Cop31 Bike Ride, ciclostaffetta per il climaCop31 Bike Ride, ciclostaffetta per il clima

| 19 Agosto 2026

COP31 Bike Ride, da oggi in Italia la ciclostaffetta per il clima

Una ciclostaffetta che attraversa Paesi e continenti portando fino alla COP31 di Antalya, in programma a novembre in Turchia, un messaggio preciso: anche la bicicletta deve avere un ruolo nelle politiche per la transizione ecologica. Dopo le esperienze delle ultime due edizioni, la COP Bike Ride torna con un progetto ancora più ampio e un obiettivo dichiarato di 10.000 partecipanti lungo il viaggio dal Brasile alla Turchia. L’Italia avrà un ruolo importante, perché sarà attraversata da due distinti rami della staffetta: il primo (da domani al 5 settembre) dalla Val di Susa a Trieste, il secondo (da oggi al 2 settembre) da Padova a Bari, seguendo in buona parte la direttrice adriatica.

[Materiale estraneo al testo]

lemma vertex_pair_up: "u \<in> U \<Longrightarrow> vertex_pair u"
  using up_link_in_L vertex_pair_L by blast

lemma lower_ends_up:
  assumes "u \<in> U"
  shows "lower_ends u = {w. utop u \<preceq> w \<and> w \<preceq> ubot u \<and> w \<noteq> utop u}"
proof -
  note bt = ubot_in_V[OF assms] utop_anc_ubot[OF assms]
  have "lower_ends u = lower_ends {utop u, ubot u}" using arg_cong[OF up_link_eq[OF assms]] .
  also have "\<dots> = {w. utop u \<preceq> w \<and> w \<preceq> ubot u} - {utop u}"
    unfolding lower_ends_def Vl_anc_pair[OF bt] apex_anc_pair[OF bt] ..
  finally show ?thesis by blast
qed

lemma lower_ends_up_tpath:
  assumes "u \<in> U" "w \<in> lower_ends u"
  obtains i where "Suc i < length (tpath E (utop u) (ubot u))" "tpath E (utop u) (ubot u) ! Suc i = w"
proof -
  let ?p = "tpath E (utop u) (ubot u)"
  note bt = ubot_in_V[OF assms(1)] utop_anc_ubot[OF assms(1)]
  have tV: "utop u \<in> V" using anc_subset_V bt by blast
  have "w \<in> Vl E {utop u, ubot u}" "w \<noteq> utop u"
    using assms(2) unfolding lower_ends_up[OF assms(1)] Vl_anc_pair[OF bt] by auto
  then have "w \<in> set ?p" "w \<noteq> ?p ! 0"
    unfolding Vl_doubleton[OF tV bt(1)] using hd_tpath[OF tV bt(1)] is_vpath_tpath[OF tV bt(1)]
    by (auto simp: hd_conv_nth is_vpath_def)
  then obtain j where "j < length ?p" "?p ! j = w" "j \<noteq> 0" by (auto simp: in_set_conv_nth)
  then show ?thesis using that by (cases j) auto
qed

lemma
  assumes "u \<in> U"
  shows Fsel_subset_B: "Fsel u \<subseteq> Bset V E r F (v_of V E r F u)"
    and Fsel_subset_F: "Fsel u \<subseteq> F"
    and Fsel_subset_L: "Fsel u \<subseteq> L"
    and Fsel_covers: "Pl E u \<subseteq> \<Union>(Pl E ` Fsel u)"
    and Fsel_minimal: "S' \<subset> Fsel u \<Longrightarrow> \<not> Pl E u \<subseteq> \<Union>(Pl E ` S')"
  using Fsel_valid assms F_subset_L unfolding valid_Fu_def Bset_def by blast+

lemma UN_lower_ends_subset: "S \<subseteq> L \<Longrightarrow> \<Union>(lower_ends ` S) \<subseteq> V - {r}"
  using lower_ends_subset vertex_pair_L by blast

lemma UN_Pl_eq:
  assumes "S \<subseteq> L"
  shows "\<Union>(Pl E ` S) = parent_edge ` \<Union>(lower_ends ` S)"
proof -
  have "\<Union>(Pl E ` S) = (\<Union>l\<in>S. parent_edge ` lower_ends l)"
    using Pl_lower_ends vertex_pair_L assms by (intro SUP_cong) auto
  then show ?thesis by (simp add: image_UN)
qed

lemma Pl_subset_UN_iff:
  assumes "u \<in> L" "S \<subseteq> L"
  shows "Pl E u \<subseteq> \<Union>(Pl E ` S) \<longleftrightarrow> lower_ends u \<subseteq> \<Union>(lower_ends ` S)"
proof -
  note A = lower_ends_subset[OF vertex_pair_L[OF assms(1)]]
  note B = UN_lower_ends_subset[OF assms(2)]
  have "parent_edge ` lower_ends u \<subseteq> parent_edge ` \<Union>(lower_ends ` S) \<longleftrightarrow>
      lower_ends u \<subseteq> \<Union>(lower_ends ` S)"
  proof
    assume h: "parent_edge ` lower_ends u \<subseteq> parent_edge ` \<Union>(lower_ends ` S)"
    show "lower_ends u \<subseteq> \<Union>(lower_ends ` S)"
    proof
      fix w assume w: "w \<in> lower_ends u"
      then have "parent_edge w \<in> parent_edge ` \<Union>(lower_ends ` S)" using h by blast
      then show "w \<in> \<Union>(lower_ends ` S)" using inj_on_image_mem_iff[OF parent_edge_inj _ B] A w by blast
    qed
  qed (rule image_mono)
  then show ?thesis
    unfolding Pl_lower_ends[OF vertex_pair_L[OF assms(1)]] UN_Pl_eq[OF assms(2)] .
qed

lemma Pul_eq_own_ends:
  assumes "u \<in> L" "S \<subseteq> L"
  shows "Pul E u S l = parent_edge ` own_ends u S l"
proof -
  have S: "S - {l} \<subseteq> L" using assms by blast
  note A = lower_ends_subset[OF vertex_pair_L[OF assms(1)]]
  note B = UN_lower_ends_subset[OF S]
  have "parent_edge ` own_ends u S l = parent_edge ` lower_ends u - parent_edge ` \<Union>(lower_ends ` (S - {l}))"
    unfolding own_ends_def by (rule inj_on_image_set_diff[OF parent_edge_inj]) (use A B in blast)+
  then show ?thesis
    unfolding Pul_def Pl_lower_ends[OF vertex_pair_L[OF assms(1)]] UN_Pl_eq[OF S] by simp
qed

lemma lower_ends_covered:
  assumes "u \<in> U"
  shows "lower_ends u \<subseteq> \<Union>(lower_ends ` Fsel u)"
  using Pl_subset_UN_iff[OF up_link_in_L[OF assms] Fsel_subset_L[OF assms]] Fsel_covers[OF assms] by blast

lemma own_ends_nonempty:
  assumes "u \<in> U" "l \<in> Fsel u"
  shows "own_ends u (Fsel u) l \<noteq> {}"
proof
  assume "own_ends u (Fsel u) l = {}"
  then have "lower_ends u \<subseteq> \<Union>(lower_ends ` (Fsel u - {l}))" unfolding own_ends_def by blast
  moreover have "Fsel u - {l} \<subseteq> L" using Fsel_subset_L[OF assms(1)] by blast
  ultimately have "Pl E u \<subseteq> \<Union>(Pl E ` (Fsel u - {l}))"
    using Pl_subset_UN_iff[OF up_link_in_L[OF assms(1)], of "Fsel u - {l}"] by simp
  moreover have "Fsel u - {l} \<subset> Fsel u" using assms(2) by blast
  ultimately show False using Fsel_minimal[OF assms(1)] by blast
qed

lemma own_ends_subset:
  assumes "u \<in> U" "l \<in> Fsel u"
  shows "own_ends u (Fsel u) l \<subseteq> lower_ends l" "own_ends u (Fsel u) l \<subseteq> lower_ends u"
  using lower_ends_covered[OF assms(1)] assms unfolding own_ends_def by blast+

lemma own_ends_not_in_other: "l' \<in> S \<Longrightarrow> l' \<noteq> l \<Longrightarrow> w \<in> own_ends u S l \<Longrightarrow> w \<notin> lower_ends l'"
  unfolding own_ends_def by blast

lemma lower_ends_up_in_V: "u \<in> U \<Longrightarrow> w \<in> lower_ends u \<Longrightarrow> w \<in> V"
  using lower_ends_subset vertex_pair_up by blast

lemma lower_ends_up_chain:
  assumes "u \<in> U" "w1 \<in> lower_ends u" "w2 \<in> lower_ends u" "depth E r w1 \<le> depth E r w2"
  shows "w1 \<preceq> w2"
proof -
  have "w1 \<preceq> ubot u" "w2 \<preceq> ubot u" using lower_ends_up[OF assms(1)] assms by auto
  then have "w1 \<preceq> w2 \<or> w2 \<preceq> w1" using anc_linear ubot_in_V[OF assms(1)] by blast
  then show ?thesis
  proof
    assume h: "w2 \<preceq> w1"
    have w1V: "w1 \<in> V" using lower_ends_up_in_V assms by blast
    have "depth E r w2 = depth E r w1" using depth_anc_le[OF w1V h] assms(4) by simp
    then have "w2 = w1" using anc_eq_if_depth_eq[OF w1V h] by simp
    then show ?thesis using anc_refl w1V by simp
  qed
qed

lemma prec_depth_total:
  assumes "u \<in> U" "l1 \<in> Fsel u" "l2 \<in> Fsel u" "l1 \<noteq> l2"
  shows "prec_depth u (Fsel u) l1 l2 \<or> prec_depth u (Fsel u) l2 l1"
proof (rule ccontr)
  let ?S = "Fsel u"
  assume "\<not> ?thesis"
  then obtain w1 w2 w1' w2' where w: "w1 \<in> own_ends u ?S l1" "w2 \<in> own_ends u ?S l2"
    "depth E r w2 \<le> depth E r w1" "w1' \<in> own_ends u ?S l1" "w2' \<in> own_ends u ?S l2"
    "depth E r w1' \<le> depth E r w2'"
    unfolding prec_depth_def by (meson not_less)
  have lk: "vertex_pair l1" "vertex_pair l2" using Fsel_subset_L[OF assms(1)] assms vertex_pair_L by auto
  have X1: "w1 \<in> lower_ends l1" "w1' \<in> lower_ends l1" using own_ends_subset[OF assms(1,2)] w by auto
  have X2: "w2 \<in> lower_ends l2" "w2' \<in> lower_ends l2" using own_ends_subset[OF assms(1,3)] w by auto
  have N1: "w1' \<notin> lower_ends l2" using own_ends_not_in_other[OF assms(3)] assms(4) w by auto
  have N2: "w2 \<notin> lower_ends l1" using own_ends_not_in_other[OF assms(2)] assms(4) w by auto
  have U: "w1 \<in> lower_ends u" "w2 \<in> lower_ends u" "w1' \<in> lower_ends u" "w2' \<in> lower_ends u"
    using own_ends_subset[OF assms(1,2)] own_ends_subset[OF assms(1,3)] w by auto
  have a21: "w2 \<preceq> w1" using lower_ends_up_chain[OF assms(1) U(2) U(1) w(3)] .
  have a12: "w1' \<preceq> w2'" using lower_ends_up_chain[OF assms(1) U(3) U(4) w(6)] .
  \<comment> \<open>the four vertices lie on one chain, so one of the two intervals swallows an own vertex of the other\<close>
  show False
  proof (cases "depth E r w2 \<le> depth E r w1'")
    case True
    then have "w2 \<preceq> w1'" using lower_ends_up_chain[OF assms(1) U(2) U(3)] by blast
    then show False using lower_ends_interval[OF lk(2) X2(1) X2(2) _ a12] N1 by blast
  next
    case False
    then have "w1' \<preceq> w2" using lower_ends_up_chain[OF assms(1) U(3) U(2)] by simp
    then show False using lower_ends_interval[OF lk(1) X1(2) X1(1) _ a21] N2 by blast
  qed
qed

A coordinare il progetto italiano è Jacopo Bardi, già Bicycle Mayor di Firenze, affiancato quest’anno da coordinatori regionali che seguiranno le diverse tappe. «La COP Bike Ride – spiega – è una ciclostaffetta per il clima che vuole sensibilizzare sulle tematiche legate alla transizione ecologica e, in particolare, sulle potenzialità della ciclomobilità nel ridurre le emissioni di CO2. Nel passaggio da un Paese all’altro e da una città all’altra coinvolgiamo cittadini e amministrazioni locali, facciamo informazione e cerchiamo di ottenere impegni concreti per la promozione della bicicletta».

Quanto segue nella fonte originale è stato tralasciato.